See also SHUAIBU & ORS v. NBC PLC (COCA-COLA) (2020) LPELR-52110(CA)

41. "...Now, there are mainly 3 categories of contracts of employment- namely; (a) those regarded as purely master and servant; (b) those where a servant is said to hold office at the pleasure of the employer; and (c) those where the employment is regulated by statute often referred to as employment with statutory flavour. See Olaniyan V. University of Lagos (1985) 2 NWLR (Pt 9) 599, KWARA STATE JUDICIAL SERVICE COMMISSION & ORS V. TOLANI (2019) LPELR - 4739 (SC) CBN V. IGWILLO (2007) 14 NWLR (Pt 1054) 393.

 

Letter of Appointment C2

 

UNILORIN SECONDARY SCHOOL GOVERING BOARD

 

 

Chairman. Professor L. D. Edungbola                                          University of Ilorin,

Secretary: Mrs. S. O. Awobuluyi                                                   P.M.B. 1515.

Ilorin

 

Our USS/PER/SS/075         Your Ref………………   Date: 15th October 2007

Mrs. Ojapah Eunice O,

P.M.B. 1494,

Ilorin.

 

OFFER OF EMPLOYMENT

 

Dear Mrs. Ojapah,

 

I write on behalf of the Governing Board of the University of Ilorin Secondary School to offer you a contract Appointment as Senior Tutor II (Home Economics) on JSSSS 11 step 1 in the University Ilorin Secondary School on a salary of Two Hundred and Eighty Five Thousand, Four Hundred and Fifty-nine Naira (N285,459.00.) only per annum.

 

The Contract Appointment is renewable every 3 years subject to your performance.

 

Other conditions of employment are as fellows:

 

(i)               In the event of willful misconduct on your part the Governing Board of the School may terminate the appointment forthwith without notice or salary n lieu of notice.

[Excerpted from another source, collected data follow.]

lemma newton_add_nonneg:
  assumes "u \<in> newton g" "0 \<le> fst d" "0 \<le> snd d"
  shows "u + d \<in> newton g"
proof -
  have "support_quadrants g \<subseteq> (\<lambda>x. x - d) ` newton g"
  proof
    fix s assume "s \<in> support_quadrants g"
    then obtain i j where "g i j \<noteq> 0" "real i \<le> fst s" "real j \<le> snd s"
      by (auto simp: mem_support_quadrants)
    then have "(fst s + fst d, snd s + snd d) \<in> newton g"
      using assms(2,3) by (intro newton_memI) auto
    then have "s + d \<in> newton g" by (simp add: plus_prod_def)
    then show "s \<in> (\<lambda>x. x - d) ` newton g"
      by (intro image_eqI[of _ _ "s + d"]) auto
  qed
  then have "newton g \<subseteq> (\<lambda>x. x - d) ` newton g"
    unfolding newton_eq_hull[of g]
    by (intro hull_minimal convex_translation_subtract) (simp_all add: newton_eq_hull[symmetric] convex_newton)
  then show ?thesis using assms(1) by auto
qed

lemma newton_dominated_not_vertex:
  assumes "u \<in> newton g" "fst u \<le> fst v" "snd u \<le> snd v" "u \<noteq> v"
  shows "v \<notin> newton_vertices g"
proof
  assume "v \<in> newton_vertices g"
  then have v: "v extreme_point_of newton g" "v \<in> newton g"
    by (simp_all add: mem_newton_vertices newton_vertex_in_newton)
  let ?w = "v + (v - u)"
  have "?w \<in> newton g"
    using v(2) assms(2,3) by (intro newton_add_nonneg) auto
  moreover have "v \<in> open_segment u ?w"
  proof -
    have "v = midpoint u ?w" and "u \<noteq> ?w"
      using assms(4) by (auto simp: midpoint_def prod_eq_iff)
    then show ?thesis by (metis midpoint_in_open_segment)
  qed
  ultimately show False
    using v(1) assms(1) by (auto simp: extreme_point_of_def)
qed

lemma newton_vertex_support:
  assumes "v \<in> newton_vertices g"
  obtains i j where "v = (real i, real j)" "g i j \<noteq> 0"
proof -
  have "v \<in> support_quadrants g"
    using assms extreme_point_of_convex_hull by (simp add: mem_newton_vertices newton_eq_hull)
  then obtain i j where ij: "g i j \<noteq> 0" "real i \<le> fst v" "real j \<le> snd v"
    by (auto simp: mem_support_quadrants)
  then have "(real i, real j) \<in> newton g" by (intro newton_memI) auto
  then have "v = (real i, real j)"
    using newton_dominated_not_vertex[of "(real i, real j)" g v] ij(2,3) assms by auto
  with ij that show ?thesis by blast
qed

lemma newton_vertex_coeff_nonzero: "(real i, real j) \<in> newton_vertices g \<Longrightarrow> g i j \<noteq> 0"
  by (metis newton_vertex_support of_nat_eq_iff prod.inject)

lemma newton_vertex_of_min_weight:
  fixes A B :: real
  assumes A: "0 \<le> A" and B: "0 < B" and nz: "g i0 j0 \<noteq> 0"
    and min: "\<And>i j. g i j \<noteq> 0 \<Longrightarrow> A * i0 + B * j0 \<le> A * i + B * j"
    and tie: "\<And>i j. g i j \<noteq> 0 \<Longrightarrow> A * i + B * j = A * i0 + B * j0 \<Longrightarrow> i0 \<le> i"
  shows "(real i0, real j0) \<in> newton_vertices g"
  unfolding mem_newton_vertices newton_eq_hull
proof (rule extreme_point_of_convex_hull_lex[where a = "(A, B)" and c = "(1, 0)"])
  show "(real i0, real j0) \<in> support_quadrants g"
    using nz by (auto simp: mem_support_quadrants)
  have dominated: "A * i + B * j \<le> (A, B) \<bullet> s"
    if "real i \<le> fst s" "real j \<le> snd s" for s i j
    using that A B by (cases s) (auto intro!: add_mono mult_left_mono)
  fix s assume s: "s \<in> support_quadrants g"
  then obtain i j where ij: "g i j \<noteq> 0" "real i \<le> fst s" "real j \<le> snd s"
    by (auto simp: mem_support_quadrants)
  show "A * i0 + B * j0 \<le> (A, B) \<bullet> s"
    using min[OF ij(1)] dominated[OF ij(2,3)] by linarith
  assume "(A, B) \<bullet> s = A * i0 + B * j0"
  then have "A * i + B * j = A * i0 + B * j0"
    using min[OF ij(1)] dominated[OF ij(2,3)] by linarith
  then show "real i0 \<le> (1, 0) \<bullet> s"
    using tie[OF ij(1)] ij(2) by (cases s) simp
next
  fix s :: "real \<times> real"
  assume "(A, B) \<bullet> s = A * i0 + B * j0" "(1, 0) \<bullet> s = real i0"
  then show "s = (real i0, real j0)"
    using B by (cases s) simp
qed simp_all

lemma newton_above_chord_not_vertex:
  assumes a: "a \<in> newton g" and b: "b \<in> newton g"
    and x: "fst a \<le> x" "x < fst b"
    and above: "(snd b - snd a) * (x - fst a) \<le> (y - snd a) * (fst b - fst a)"
    and ne: "(x, y) \<noteq> a"
  shows "(x, y) \<notin> newton_vertices g"
proof
  assume vertex: "(x, y) \<in> newton_vertices g"
  define t where "t = (x - fst a) / (fst b - fst a)"
  have t: "0 \<le> t" "t < 1"
    using x by (auto simp: t_def divide_simps)
  define w where "w = (1 - t) *\<^sub>R a + t *\<^sub>R b"
  have w: "w \<in> newton g"
    unfolding w_def using t by (intro convexD_alt convex_newton a b) auto
  have "fst w = fst a + t * (fst b - fst a)"
    by (simp add: w_def algebra_simps)
  then have fst_w: "fst w = x"
    using x by (simp add: t_def)
  have "snd w = snd a + t * (snd b - snd a)"
    by (simp add: w_def algebra_simps)
  moreover have "t * (snd b - snd a) \<le> y - snd a"
    using x above by (simp add: t_def pos_divide_le_eq mult.commute)
  ultimately have snd_w: "snd w \<le> y" by simp
  show False
  proof (cases "w = (x, y)")
    case True
    then have "t \<noteq> 0"
      using ne by (auto simp: w_def)
    then have "(x, y) \<in> open_segment a b"
      unfolding in_segment using t x True[symmetric]
      by (auto simp: w_def intro!: exI[of _ t])
    then show False
      using vertex a b by (auto simp: mem_newton_vertices extreme_point_of_def)
  next
    case False
    then show False
      using newton_dominated_not_vertex[OF w, of "(x, y)"] fst_w snd_w vertex by auto
  qed
qed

(ii)            Where the Contract Appointment offered by the Governing Board of the Secondary School is frustrated by act of God such as “force majeur” and the like, the Governing Board shall not be responsible for the payment of contract appointment salary or notice and the contract appointment shall be deemed to have terminated with effect from the date of occurrence of such impossibility;

(iii)          You will be required to devote the whole of your time and attention to the service of the Secondary School and shall not take part in any other business or occupation whatsoever without the prior consent of the Governing Board in writing; and

(iv)          This appointment will be subject to the Secondary School’s staff regu1aton;

(v)             The contract appointment may be terminated by either of the parties by a notice in writing duly serve on other party and which shall be within 3 months or payment of 3 months contract appointment salary.

 

 

If you accept this offer of temporary appointment, please return letter of acceptance and a copy of the countersigned letter of appointment over a fifty naira postage stamp and return to undersigned.

 

Yours Faithfully.

 

B.C (ineligible)..

For: Governing Board of the Secondary School

Cc: Vice-Chancellor

b.      Deputy Vice-Chancellors

c.      Registrar

d.      Bursar

e.      Deputy Director Internal Audit

 

 

42.I also considered the following other exhibits on this point EXHIBIT C3: Confirmation of Appointment with effect from 17th October, 2009 issued by the 2nd Defendant under the hand of Alhaja S.N. Jaiyeola dated 20th March 2017. EXHIBIT C4: USS Ilorin Staff Conditions of Service. EXHIBIT C5: 2016 USS Staff Promotion Exercise dated 10th July 2017 signed by Alh. S.N. Jaiyeola, Secretary, USS Ilorin Governing Board wherein the Claimant was promoted from Senior Tutor II to Senior Tutor. EXHIBIT C6: Posting as Vice-Principal dated 25th September 2018 signed by Secretary to the USS Ilorin Governing Board, Alh. S.N. Jaiyeola and EXHIBIT C7: Directive to step aside dated 19th June 2019 issued by the USS llorin Governing Board, signed by Alh. S.N. Jaiyeola, the secretary to the board.

 

43. I find that the Claimant’s appointment is one of Contract; - Exhibit C2 clearly indicates that her claimants appointment was a contractual one, there is no evidence before the Court that this contract was renewed every three years or that the Defendant had at any time converted her appointment to a permanent one. The said C2 states that the appointment is governed by the Defendants regulations Exhibit C4.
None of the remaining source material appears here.